Pengerahan sumberdaya dilakukan melalui pengiriman didampingi personil
instansi/lembaga dan penyerahannya dilengkapi dengan administrasi sesuai dengan
ketentuan berlaku. Dalam hal ini BNPB/BPBD mendukung mobilisasi sumber daya.
Untuk pengakhiran dilakukan oleh Kepala BNPB/BPBD dengan membuat rencana
pengakhiran dengan Surat Perintah (SPRINT) Pengkahiran. Selanjutnya Komando
Tanggap Darurat Bencana dibubarkan sesuai waktu dengan SK Pembubaran.
Proses tanggap darurat dinyatakan selesai dengan adanya pernyataan resmi
Gubernur/Bupati/Walikota. Dengan selesainya tanggap darurat maka fungsi Pos
Komando Tanggap Darurat kembali ke Pusdalops, dan tugas Incident Commander
(IC) menjadi selesai, serta semua sumberdaya kembali ke posisi semula/sumbernya.
Tahap upaya PB selanjutnya adalah masuk ke dalam masa transisi ke proses
rehabilitasi dan rekonstruksi pascabencana, serta kehidupan/kegiatan sosial-ekonomi
masyarakat sudah mulai berjalan.
Dalam setiap kegiatan pasti ada evaluasi dan pelaporan. Komandan Tanggap Darurat
Bencana melakukan rapat evaluasi setiap hari dan membuat rencana kegiatan hari
selanjutnya. Hasil evaluasi menjadi bahan laporan harian kepada Kepala
BNPB/BPBD dengan tembusan kepada Pimpinan Instansi/Lembaga terkait.
Untuk pelaporan dilakukan dengan mekanisme sebagai berikut :
1. Instansi/lembaga/organisasi terkait dalam penanganan darurat bencana wajib
melaporkan kepada Kepala BNPB/BPBD sesuai kewenangannya dengan
tembusan kepada Komandan Tanggap Darurat Bencana
2. Pelaporan meliputi pelaksanaan Komando Tanggap Darurat Bencana,
jumlah/kekuatan sumberdaya manusia, jenis dan jumlah peralatan/logistik, serta
sumberdaya lainnya termasuk sistem distribusinya secara tertib dan akuntabel
3. Komandan Tanggap Darurat Bencana sesuai tingkat kewenangannya
mengirimkan laporan harian, laporan khusus, dan laporan insidentil pelaksanaan
operasi tanggap darurat bencana kepada Kepala BNPB/BPBD dengan tembusan
kepada instansi/ lembaga/organisasi terkait
4. Kepala BPBD melaporkan kepada Bupati/Walikota/Gubernur dan Kepala BNPB,
Kepala BNPB melaporkan kepada Presiden (Badan Nasional Penanggulangan
Bencana, 2008).

DAFTAR PUSTAKA

Badan Nasional Penanggulangan Bencana. 2008. Peraturan Kepala Badan Nasional


Penanggulangan Bencana Nomor 10 Tahun 2008 tentang Pedoman
Komando Tanggap Darurat Bencana. Jakarta.

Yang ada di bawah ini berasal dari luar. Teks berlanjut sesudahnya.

lemma cosets_of_Union:
  assumes "is_subgroup H" "S \<subseteq> cosets H"
  shows "cosets_of H (\<Union> S) = S"
proof -
  have coset_of_member: "sadd {x} H = c" if "c \<in> S" "x \<in> c" for c x
  proof -
    obtain a where "c = sadd {a} H"
      using \<open>c \<in> S\<close> assms(2) unfolding cosets_def by blast
    then show ?thesis
      using coset_eqI[OF assms(1)] \<open>x \<in> c\<close> by simp
  qed
  have "S \<subseteq> cosets_of H (\<Union> S)"
  proof
    fix c assume "c \<in> S"
    then obtain x where "x \<in> c"
      using assms(2) self_mem_coset[OF assms(1)] unfolding cosets_def by blast
    then show "c \<in> cosets_of H (\<Union> S)"
      unfolding cosets_of_def using \<open>c \<in> S\<close> coset_of_member by blast
  qed
  moreover have "cosets_of H (\<Union> S) \<subseteq> S"
    unfolding cosets_of_def using coset_of_member by blast
  ultimately show ?thesis by blast
qed

lemma cosets_of_sadd:
  assumes "is_subgroup H"
  shows "cosets_of H (sadd X Y) = qsadd (cosets_of H X) (cosets_of H Y)"
proof -
  have "cosets_of H (sadd X Y) = {sadd {x + y} H | x y. x \<in> X \<and> y \<in> Y}"
    unfolding cosets_of_def sadd_def[of X Y] by blast
  also have "\<dots> = {sadd (sadd {x} H) (sadd {y} H) | x y. x \<in> X \<and> y \<in> Y}"
    by (simp add: sadd_cosets[OF assms])
  also have "\<dots> = qsadd (cosets_of H X) (cosets_of H Y)"
    unfolding cosets_of_def qsadd_def by blast
  finally show ?thesis .
qed

lemma P0_on_subgroup_eq:
  assumes "is_subgroup H"
  shows "P0_on H = {X \<in> P0. sadd X H = H}"
proof -
  have "sadd X H = H" if "0 \<in> X" "X \<subseteq> H" for X
  proof
    show "sadd X H \<subseteq> H"
      using that subgroup_add[OF assms] by (auto simp: mem_sadd subset_iff)
    show "H \<subseteq> sadd X H"
      using that unfolding mem_sadd subset_iff by (metis add_0)
  qed
  moreover have "X \<subseteq> H" if "sadd X H = H" for X
    using that subgroup_zero[OF assms] unfolding mem_sadd set_eq_iff subset_iff
    by (metis add.right_neutral)
  ultimately show ?thesis
    unfolding P0_on_def P0_def by blast
qed

lemma P0H_subgroup_eq:
  assumes "is_subgroup H"
  shows "P0H H = {X \<in> P0. sadd H X = X}"
proof -
  have "H \<in> P0"
    using subgroup_zero[OF assms] unfolding P0_def by simp
  moreover have "sadd H (sadd H Y) = sadd H Y" for Y
    by (simp add: subgroup_sadd_self[OF assms] flip: sadd_assoc)
  ultimately show ?thesis
    unfolding P0H_def by (auto intro: sadd_in_P0)
qed

lemma cosets_of_subgroup:
  assumes "is_subgroup H"
  shows "cosets_of H H = {H}"
proof -
  have "sadd {h} H = H" if "h \<in> H" for h
    using coset_eqI[OF assms, of h 0] that by simp
  then show ?thesis
    unfolding cosets_of_def using subgroup_zero[OF assms] by blast
qed

lemma monoid_iso_cosets_of:
  assumes "is_subgroup H"
  shows "monoid_iso (P0H H) H sadd (P0_quot H) {H} qsadd (cosets_of H)"
proof -
  have Union_inverse: "\<Union> (cosets_of H X) = X" if "X \<in> P0H H" for X
    using that by (simp add: P0H_subgroup_eq[OF assms] Union_cosets_of sadd_commute)
  have inverse_Union: "cosets_of H (\<Union> S) = S" if "S \<in> P0_quot H" for S
    using that cosets_of_Union[OF assms] unfolding P0_quot_def by blast
  have "cosets_of H X \<in> P0_quot H" if "X \<in> P0H H" for X
  proof -
    have "H \<in> cosets_of H X"
      using that unfolding P0H_subgroup_eq[OF assms] P0_def cosets_of_def
      by (auto intro: image_eqI[where x=0])
    then show ?thesis
      unfolding P0_quot_def cosets_of_def cosets_def by blast
  qed
  moreover have "\<Union> S \<in> P0H H" if "S \<in> P0_quot H" for S
  proof -
    have "0 \<in> \<Union> S"
      using that subgroup_zero[OF assms] unfolding P0_quot_def by blast
    moreover have "sadd H (\<Union> S) = \<Union> S"
      using Union_cosets_of[of H "\<Union> S"] inverse_Union[OF that] by (simp add: sadd_commute)
    ultimately show ?thesis
      unfolding P0H_subgroup_eq[OF assms] P0_def by blast
  qed
  ultimately have "bij_betw (cosets_of H) (P0H H) (P0_quot H)"
    using Union_inverse inverse_Union by (intro bij_betw_byWitness[where f'=Union]) auto
  then show ?thesis
    unfolding monoid_iso_def
    using cosets_of_subgroup[OF assms] cosets_of_sadd[OF assms] by blast
qed

lemma sadd_pair_complement_point:
  assumes "c \<noteq> 0"
  shows "sadd {0, c} (UNIV - {a}) = UNIV"
  using assms unfolding sadd_zero_pair by (auto intro: image_eqI[where x="a - c"])

lemma complement_pointI:
  assumes "Y \<noteq> UNIV" and covers: "\<And>c. c \<noteq> 0 \<Longrightarrow> sadd {0, c} Y = UNIV"
  shows "\<exists>b. Y = UNIV - {b}"
proof -
  obtain b where "b \<notin> Y"
    using assms(1) by blast
  have "g \<in> Y" if "g \<noteq> b" for g
  proof -
    have "b \<in> sadd {0, b - g} Y"
      using covers[of "b - g"] that by simp
    then show ?thesis
      using \<open>b \<notin> Y\<close> unfolding sadd_zero_pair by auto
  qed
  then show ?thesis
    using \<open>b \<notin> Y\<close> by blast
qed

lemma sadd_pair_complement_two_points:
  assumes "a + a \<noteq> 0"
  shows "sadd {0, a} (UNIV - {b, b - a}) = UNIV - {b}"
proof -
  have "b - a - a \<notin> {b, b - a}"
    using assms by (auto simp: algebra_simps)
  then have "b - a \<in> (+) a ` (UNIV - {b, b - a})"
    by (intro image_eqI[where x="b - a - a"]) simp_all
  then show ?thesis
    unfolding sadd_zero_pair by (auto simp: algebra_simps)
qed

lemma add_ord_ge_3_imp_double_nonzero:
  assumes "add_ord a \<ge> 3"
  shows "a + a \<noteq> 0"
proof
  assume "a + a = 0"
  then have "add_ord a \<le> 2"
    unfolding add_ord_def by (intro Least_le) (simp add: numeral_2_eq_2)
  then show False
    using assms by simp
qed

lemma monoid_aut_restrict:
  assumes "monoid_aut M e op f" "finite N" "N \<subseteq> M" "f ` N \<subseteq> N" "f e' = e'"
  shows "monoid_aut N e' op f"
proof -
  have "inj_on f N"
    using assms(1,3) inj_on_subset unfolding monoid_aut_def bij_betw_def by blast
  then have "bij_betw f N N"
    using endo_inj_surj[OF assms(2,4)] unfolding bij_betw_def by blast
  then show ?thesis
    using assms(1,3,5) unfolding monoid_aut_def by blast
qed

locale P0_aut_trivial_pullback =
  fixes f :: "'a::{finite, ab_group_add} set \<Rightarrow> 'a set"
  assumes aut: "monoid_aut P0 {0} sadd f"
    and triv: "trivial_pullback UNIV f"
begin

lemma f_zero: "f {0} = {0}"
  and f_sadd: "X \<in> P0 \<Longrightarrow> Y \<in> P0 \<Longrightarrow> f (sadd X Y) = sadd (f X) (f Y)"
  and bij_f: "bij_betw f P0 P0"
  using aut unfolding monoid_aut_def by simp_all

lemma f_in_P0: "X \<in> P0 \<Longrightarrow> f X \<in> P0"
  by (rule bij_betw_apply[OF bij_f])

lemma f_eq_iff: "X \<in> P0 \<Longrightarrow> Y \<in> P0 \<Longrightarrow> f X = f Y \<longleftrightarrow> X = Y"
  using bij_betw_imp_inj_on[OF bij_f] by (rule inj_on_eq_iff)

lemma f_surj: "Y \<in> P0 \<Longrightarrow> \<exists>X\<in>P0. f X = Y"
  by (metis bij_betw_imp_surj_on[OF bij_f] imageE)

lemma f_zero_pair: "f {0, a} = {0, a}"
  using triv unfolding trivial_pullback_def by blast

lemma f_sadd_zero_pair: "X \<in> P0 \<Longrightarrow> f (sadd {0, a} X) = sadd {0, a} (f X)"
  by (simp add: f_sadd zero_pair_in_P0 f_zero_pair)

lemma f_subset_sums: "f (subset_sums S) = subset_sums S"
proof -
  have "finite S"
    by simp
  then show ?thesis
  proof (induction S rule: finite_induct)
    case empty
    then show ?case
      by (simp add: f_zero)
  next
    case (insert x S)
    have "subset_sums S \<in> P0"
      unfolding subset_sums_def P0_def by (auto intro: image_eqI[where x="{}"])
    then show ?case
      using insert by (simp add: subset_sums_insert f_sadd_zero_pair)
  qed
qed

lemma f_subgroup: "is_subgroup H \<Longrightarrow> f H = H"
  using f_subset_sums subset_sums_subgroup by metis

lemma monoid_aut_P0_on:
  assumes "is_subgroup H"
  shows "monoid_aut (P0_on H) {0} sadd f"
proof (rule monoid_aut_restrict[OF aut])
  have "H \<in> P0"
    using subgroup_zero[OF assms] by (simp add: P0_def)
  then have "sadd (f X) H = H" if "X \<in> P0" "sadd X H = H" for X
    using f_sadd[OF that(1)] that(2) f_subgroup[OF assms] by metis
  then show "f ` P0_on H \<subseteq> P0_on H"
    unfolding P0_on_subgroup_eq[OF assms] using f_in_P0 by blast
qed (auto simp: P0_on_subgroup_eq[OF assms] f_zero)

lemma monoid_aut_P0H:
  assumes "is_subgroup H"
  shows "monoid_aut (P0H H) H sadd f"
proof (rule monoid_aut_restrict[OF aut])
  have "H \<in> P0"
    using subgroup_zero[OF assms] by (simp add: P0_def)
  then have "sadd H (f X) = f X" if "X \<in> P0" "sadd H X = X" for X
    using f_sadd[OF _ that(1)] that(2) f_subgroup[OF assms] by metis
  then show "f ` P0H H \<subseteq> P0H H"
    unfolding P0H_subgroup_eq[OF assms] using f_in_P0 by blast
qed (auto simp: P0H_subgroup_eq[OF assms] f_subgroup[OF assms])

lemma f_complement_point:
  assumes "a \<noteq> 0"
  shows "\<exists>b. f (UNIV - {a}) = UNIV - {b}"
proof (rule complement_pointI)
  have in_P0: "UNIV - {a} \<in> P0" "UNIV \<in> P0"
    using assms by (simp_all add: P0_def)
  have f_UNIV: "f UNIV = UNIV"
    by (rule f_subgroup) (simp add: is_subgroup_def)
  show "f (UNIV - {a}) \<noteq> UNIV"
    using f_eq_iff[OF in_P0] f_UNIV by auto
  show "sadd {0, c} (f (UNIV - {a})) = UNIV" if "c \<noteq> 0" for c
    using f_sadd_zero_pair[OF in_P0(1), of c] sadd_pair_complement_point[OF that] f_UNIV
    by simp
qed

Lestari, Puji. 2013. Manajemen Komunikasi Bencana Gunung Sinabung 2010 Saat
Tanggap Darurat. Jurnal Ilmu Komunikasi. 10(2) : 139-158.

Setio, Budi. 2012. Komunikasi Bencana : Aspek Sistem (Koordinasi, Informasi dan
Kerjasama). Jurnal Ilmu Komunikasi. 1(4) : 363-372.